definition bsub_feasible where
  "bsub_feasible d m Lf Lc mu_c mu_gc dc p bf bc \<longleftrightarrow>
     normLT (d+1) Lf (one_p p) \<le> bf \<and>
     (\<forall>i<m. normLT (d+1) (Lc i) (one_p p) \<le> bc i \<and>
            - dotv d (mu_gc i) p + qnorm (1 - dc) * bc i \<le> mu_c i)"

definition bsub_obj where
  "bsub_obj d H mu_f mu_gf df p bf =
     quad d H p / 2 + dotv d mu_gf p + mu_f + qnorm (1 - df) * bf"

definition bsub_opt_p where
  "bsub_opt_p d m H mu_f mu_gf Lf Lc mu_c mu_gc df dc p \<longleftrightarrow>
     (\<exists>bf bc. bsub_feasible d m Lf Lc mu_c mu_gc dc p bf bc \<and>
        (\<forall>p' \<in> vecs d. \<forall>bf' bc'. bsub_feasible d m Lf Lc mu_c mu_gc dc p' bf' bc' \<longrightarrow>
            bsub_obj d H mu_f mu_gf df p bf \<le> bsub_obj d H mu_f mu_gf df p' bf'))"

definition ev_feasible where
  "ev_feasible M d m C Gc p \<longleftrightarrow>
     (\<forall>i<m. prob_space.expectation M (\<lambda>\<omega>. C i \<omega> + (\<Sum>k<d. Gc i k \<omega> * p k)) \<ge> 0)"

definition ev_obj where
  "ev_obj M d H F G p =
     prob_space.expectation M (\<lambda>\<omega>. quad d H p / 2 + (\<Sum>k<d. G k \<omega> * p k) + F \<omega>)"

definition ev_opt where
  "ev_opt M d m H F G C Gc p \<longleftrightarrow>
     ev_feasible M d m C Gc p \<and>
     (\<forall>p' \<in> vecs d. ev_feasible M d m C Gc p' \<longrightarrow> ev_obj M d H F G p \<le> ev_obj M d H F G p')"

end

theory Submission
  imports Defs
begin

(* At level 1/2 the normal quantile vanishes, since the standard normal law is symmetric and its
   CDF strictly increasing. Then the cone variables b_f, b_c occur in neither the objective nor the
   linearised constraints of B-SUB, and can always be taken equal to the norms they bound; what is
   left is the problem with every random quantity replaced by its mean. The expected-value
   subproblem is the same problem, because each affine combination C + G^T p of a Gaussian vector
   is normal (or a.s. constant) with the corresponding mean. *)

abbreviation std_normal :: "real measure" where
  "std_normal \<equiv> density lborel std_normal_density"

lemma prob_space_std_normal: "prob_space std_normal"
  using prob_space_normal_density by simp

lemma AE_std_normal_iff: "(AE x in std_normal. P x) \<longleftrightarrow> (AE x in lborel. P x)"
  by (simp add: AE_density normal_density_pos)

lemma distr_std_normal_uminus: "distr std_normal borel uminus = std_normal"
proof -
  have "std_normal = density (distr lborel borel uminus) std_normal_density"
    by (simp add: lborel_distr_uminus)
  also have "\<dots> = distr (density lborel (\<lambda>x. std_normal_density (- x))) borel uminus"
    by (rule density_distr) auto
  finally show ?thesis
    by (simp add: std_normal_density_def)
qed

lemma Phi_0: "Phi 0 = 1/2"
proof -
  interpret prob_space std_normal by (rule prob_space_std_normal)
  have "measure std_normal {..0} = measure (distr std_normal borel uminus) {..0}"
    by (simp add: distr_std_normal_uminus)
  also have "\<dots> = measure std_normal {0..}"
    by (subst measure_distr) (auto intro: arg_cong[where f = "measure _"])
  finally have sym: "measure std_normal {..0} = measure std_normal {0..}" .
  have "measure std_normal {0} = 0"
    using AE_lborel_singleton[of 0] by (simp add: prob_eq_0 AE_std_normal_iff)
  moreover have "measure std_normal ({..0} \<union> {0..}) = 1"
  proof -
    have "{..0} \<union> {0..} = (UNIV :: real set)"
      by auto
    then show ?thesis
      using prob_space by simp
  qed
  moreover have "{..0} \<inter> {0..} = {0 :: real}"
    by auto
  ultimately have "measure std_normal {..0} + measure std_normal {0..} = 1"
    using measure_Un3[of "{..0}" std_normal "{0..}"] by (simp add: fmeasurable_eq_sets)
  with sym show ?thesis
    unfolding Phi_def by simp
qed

____

### Exercise aim
Your task is to set down exactly the lines from the line containing "by (simp add: lborel_distr_uminus)" to the end of the data above, including both ends.

### Exercise output
    by (simp add: lborel_distr_uminus)
  also have "\<dots> = distr (density lborel (\<lambda>x. std_normal_density (- x))) borel uminus"
    by (rule density_distr) auto
  finally show ?thesis
    by (simp add: std_normal_density_def)
qed

lemma Phi_0: "Phi 0 = 1/2"
proof -
  interpret prob_space std_normal by (rule prob_space_std_normal)
  have "measure std_normal {..0} = measure (distr std_normal borel uminus) {..0}"
    by (simp add: distr_std_normal_uminus)
  also have "\<dots> = measure std_normal {0..}"
    by (subst measure_distr) (auto intro: arg_cong[where f = "measure _"])
  finally have sym: "measure std_normal {..0} = measure std_normal {0..}" .
  have "measure std_normal {0} = 0"
    using AE_lborel_singleton[of 0] by (simp add: prob_eq_0 AE_std_normal_iff)
  moreover have "measure std_normal ({..0} \<union> {0..}) = 1"
  proof -
    have "{..0} \<union> {0..} = (UNIV :: real set)"
      by auto
    then show ?thesis
      using prob_space by simp
  qed
  moreover have "{..0} \<inter> {0..} = {0 :: real}"
    by auto
  ultimately have "measure std_normal {..0} + measure std_normal {0..} = 1"
    using measure_Un3[of "{..0}" std_normal "{0..}"] by (simp add: fmeasurable_eq_sets)
  with sym show ?thesis
    unfolding Phi_def by simp
qed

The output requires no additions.